Pat and I have been running from the city.  Well, I guess I can't speak for Pat but it is true for me.

I came to that realization the other night when I was talking with someone.  In spite of all the movement and activity in DC I am still able to hear my heart and what the Father is revealing to me.

I have been hiding in the country and semi-rural areas.  It was safe for me.  I wasn't asked to do more than I could do.  The people were easy to get along with.  I felt like I could handle any relationship that I came across.

My fear was that if I got in an urban setting that it would be revealed that I wasn't all that sharp.  That I wasn't able to run with "the big boys".  That intelligent people would see me as a nave.  It isn't that I haven't been around sharp people all my life or been unable to have a deep intellectual conversation with many of you reading this post.  It's just that I assumed that you were "nicer" because you lived in the country and that people in the city were just mean.

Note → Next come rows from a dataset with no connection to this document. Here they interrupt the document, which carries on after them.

lemma companion_pair_hcmp_restore:
  assumes cp: "companion_pair D f p q" and Q: "Q \<in> Hor D" "hdom D Q = vcod D f"
    and \<theta>: "\<theta> \<in> Cel D" "tgt D \<theta> = hcmp D (src D p) Q" "lft D \<theta> = vid D (vdom D f)"
  shows "ch D q (cv D (cv D (lu D Q) (ch D p (cid D Q))) \<theta>) = cv D \<theta> (lu D (src D \<theta>))"
proof -
  define E U where "E = cv D (lu D Q) (ch D p (cid D Q))" and "U = hun D (vdom D f)"
  let ?P = "src D p"
  note facts = companion_pairD[OF cp] Q \<theta>
  have U: "U \<in> Hor D" "hdom D U = vdom D f" "hcod D U = vdom D f" "hun D (vdom D f) = U"
    using facts U_def by auto
  have \<theta>A: "hdom D (src D \<theta>) = vdom D f" using \<theta> facts cell_corners(1)[of \<theta>] by simp
  note facts = facts U \<theta>A
  have E: "E \<in> Cel D" "src D E = hcmp D ?P Q" "tgt D E = Q" "lft D E = f" "rgt D E = vid D (hcod D Q)"
    using facts E_def by auto
  have i1: "ch D q (cv D E \<theta>) = cv D (ch D q E) (ch D (cid D U) \<theta>)"
    using interchange[of "cid D U" q \<theta> E] facts E by simp
  have i2: "ch D q E = cv D (ch D (cid D ?P) (lu D Q)) (ch D q (ch D p (cid D Q)))"
    using interchange[of q "cid D ?P" "ch D p (cid D Q)" "lu D Q"] facts E_def by simp
  have "cv D (ch D q E) (asc D U ?P Q)
      = cv D (ch D (cid D ?P) (lu D Q)) (cv D (ch D q (ch D p (cid D Q))) (asc D U ?P Q))"
    unfolding i2 using facts by (intro cv_assoc) simp_all
  also have "\<dots> = cv D (ch D (cid D ?P) (lu D Q))
      (cv D (asc D ?P (hun D (vcod D f)) Q) (ch D (ch D q p) (cid D Q)))"
    using asc_naturality[of q p "cid D Q"] facts by simp
  also have "\<dots> = cv D (ch D (ru D ?P) (cid D Q)) (ch D (ch D q p) (cid D Q))"
    using triangle[of ?P Q] facts by (simp flip: cv_assoc)
  also have "\<dots> = ch D (lu D ?P) (cid D Q)"
    using interchange[of "ch D q p" "ru D ?P" "cid D Q" "cid D Q"] facts by simp
  also have "\<dots> = cv D (lu D (hcmp D ?P Q)) (asc D U ?P Q)"
    using lu_hcmp[of ?P Q] facts by simp
  finally have "ch D q E = lu D (hcmp D ?P Q)"
    by (rule iso_cell_cancel_right[rotated -1]) (use facts E i2 in simp_all)
  then have "ch D q (cv D E \<theta>) = cv D (lu D (hcmp D ?P Q)) (ch D (cid D U) \<theta>)"
    using i1 by simp
  also have "\<dots> = cv D \<theta> (lu D (src D \<theta>))"
    using lu_naturality[of \<theta>] facts by simp
  finally show ?thesis unfolding E_def .
qed

end

text \<open>For companions \<open>p, q\<close> of \<open>f\<close> and \<open>p', q'\<close> of \<open>g\<close>, the binding cells exhibiting
  \<open>src p \<odot> src p'\<close> as a companion of \<open>g \<circ> f\<close>.\<close>

definition companion_comp_cell :: "('o,'v,'h,'c) dblcat \<Rightarrow> 'c \<Rightarrow> 'c \<Rightarrow> 'c" where
  "companion_comp_cell D p p' = cv D (lu D (tgt D p')) (ch D (cv D (cun D (lft D p')) p) p')"

definition companion_comp_unit :: "('o,'v,'h,'c) dblcat \<Rightarrow> 'c \<Rightarrow> 'c \<Rightarrow> 'c" where
  "companion_comp_unit D q q' = cv D (ch D q (cv D q' (cun D (rgt D q)))) (cinv D (lu D (src D q)))"

context double_cat
begin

It was only the encouragement of a friend that helped me risk the attempt to fit in some place where there weren't a lot of trees or cows.

What I'm finding is that people are all alike...and that God is with me wherever I go...and I am able to be just who I am in whatever setting I find myself.

This week I have continued to ride the metro, walk down streets lined with tall buildings and I've still been able to be courteous, loving people, listening to them and being me.  I fit.  I fit in better than I ever thought I would.  It even feels comfortable.

There are nice people everywhere.  They respond to nice and genuine interest in them from someone else.  All I have to do is be me.  It gives them the freedom to be them.  The conversations are lively.  We're having fun teasing each other but there are still opportunities to talk about what matters.

This week I had a brief conversation with one of my office mates about Congressman Weiner.  We had just learned that he had resigned.  A co-worker said, "What difference did it make that he was sexting?  If we looked into every politicians life we would find things that were inappropriate."  My reply was that the character of a person is reflected in his actions both privately and publicly.  I believe it's time for us to expect people to take responsibility for their brokenness, get help and realize that it impacts every aspect of their lives including their ability to lead in the public sector.

So I was afraid that I couldn't speak my mind in that setting.  Funny how fears keep us from doing what we need to do...what we have been called to do.  The setting doesn't matter.  The relationship we are speaking out of does.

The Father is in DC with me just like he was in Holmes Co with me.  The geographic location, the mode of transportation and the speed at which people go about their lives doesn't change who He is and my relationship with Him.

What have you been running from?  Is there a calling that you don't feel you measure up to?  What fears are keeping you from being who God created you to be?  I know answers to those questions will bring some renewed excitement to your lives.  Count on it.